§ **What this task involves**: Scan the records below, and wherever a line has the word "costs", pull it out.

§ **Data records**:
text \<open>The key facts about \<open>\<mu>\<close> are obtained by bid surgery: restricting a deviation \<open>q\<close> to the
items of \<open>U\<close> (bidding \<open>\<bottom>\<close> elsewhere) does not change what is won on \<open>U\<close> and costs nothing
outside \<open>U\<close>, which gives monotonicity; a single \<open>q\<close> split between \<open>U\<close> and \<open>V - U\<close>
gives subadditivity. Removing the items of \<open>L\<^sub>i(t\<^sub>i)\<close> on which two types disagree then costs at
most \<open>l\<^sub>i\<close> per item, since \<open>\<mu>\<close> is bounded by the subadditive valuation and each remaining item
is worth less than \<open>l\<^sub>i\<close>; the other changes are absorbed by monotonicity, giving the Lipschitz
bound.\<close>

lemma valuation_nonneg:
  assumes "monotone_val m g" "subadditive_val m g" "A \<subseteq> {..<m}"
  shows "0 \<le> g t A"
proof -
  have "g t ({} \<union> {}) \<le> g t {} + g t {}"
    using assms(2) unfolding subadditive_val_def by blast
  moreover have "g t {} \<le> g t A"
    using assms(1,3) unfolding monotone_val_def by blast
  ultimately show ?thesis by simp
qed

lemma subadditive_val_le_sum_singletons:
  assumes "subadditive_val m g" "finite W" "W \<noteq> {}" "W \<subseteq> {..<m}"
  shows "g t W \<le> (\<Sum>j\<in>W. g t {j})"
  using assms(2-4)
proof (induction W rule: finite_ne_induct)
  case (insert x F)
  have "g t ({x} \<union> F) \<le> g t {x} + g t F"
    by (rule assms(1)[unfolded subadditive_val_def, rule_format]) (use insert.prems in auto)
  also have "g t F \<le> (\<Sum>j\<in>F. g t {j})"
    using insert.IH insert.prems by simp
  also have "g t {x} + (\<Sum>j\<in>F. g t {j}) = (\<Sum>j\<in>insert x F. g t {j})"
    using insert.hyps by simp
  finally show ?case
    by simp
qed simp

subsection \<open>Restricting to a locally determined set of items\<close>

lemma monotone_val_restrict:
  assumes "monotone_val m g"
  shows "monotone_val m (\<lambda>t S. g t (S \<inter> L t))"
  unfolding monotone_val_def
proof (intro allI impI)
  fix t and U V :: "nat set"
  assume "U \<subseteq> V" "V \<subseteq> {..<m}"
  then show "g t (U \<inter> L t) \<le> g t (V \<inter> L t)"
    by (intro assms[unfolded monotone_val_def, rule_format]) auto
qed

lemma subadditive_val_restrict:
  assumes "subadditive_val m g"
  shows "subadditive_val m (\<lambda>t S. g t (S \<inter> L t))"
  unfolding subadditive_val_def
proof (intro allI impI)
  fix t and U V :: "nat set"
  assume "U \<subseteq> {..<m}" "V \<subseteq> {..<m}"
  have "(U \<union> V) \<inter> L t = U \<inter> L t \<union> V \<inter> L t"
    by blast
  then show "g t ((U \<union> V) \<inter> L t) \<le> g t (U \<inter> L t) + g t (V \<inter> L t)"
    using \<open>U \<subseteq> {..<m}\<close> \<open>V \<subseteq> {..<m}\<close>
    by (simp only:) (rule assms[unfolded subadditive_val_def, rule_format]; blast)
qed

definition locally_determined :: "nat \<Rightarrow> ((nat \<Rightarrow> 'ty) \<Rightarrow> nat set) \<Rightarrow> bool" where
  "locally_determined m L \<longleftrightarrow>
     (\<forall>t t' S. S \<subseteq> {..<m} \<longrightarrow> (\<forall>j\<in>S. t j = t' j) \<longrightarrow> S \<inter> L t = S \<inter> L t')"

lemma locally_determined_low_items:
  fixes v :: "nat \<Rightarrow> (nat \<Rightarrow> 'ty) \<Rightarrow> nat set \<Rightarrow> real"
  assumes "no_externalities m (v i)"
  shows "locally_determined m (low_items m v l i)"
  unfolding locally_determined_def
proof (intro allI impI)
  fix t t' :: "nat \<Rightarrow> 'ty" and S
  assume S: "S \<subseteq> {..<m}" and agree: "\<forall>j\<in>S. t j = t' j"
  have "v i t {j} = v i t' {j}" if "j \<in> S" for j
    by (rule assms[unfolded no_externalities_def, rule_format]) (use that S agree in auto)
  then show "S \<inter> low_items m v l i t = S \<inter> low_items m v l i t'"
    by (auto simp: low_items_def)
qed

§ **Expected output**:
items of \<open>U\<close> (bidding \<open>\<bottom>\<close> elsewhere) does not change what is won on \<open>U\<close> and costs nothing
gives subadditivity. Removing the items of \<open>L\<^sub>i(t\<^sub>i)\<close> on which two types disagree then costs at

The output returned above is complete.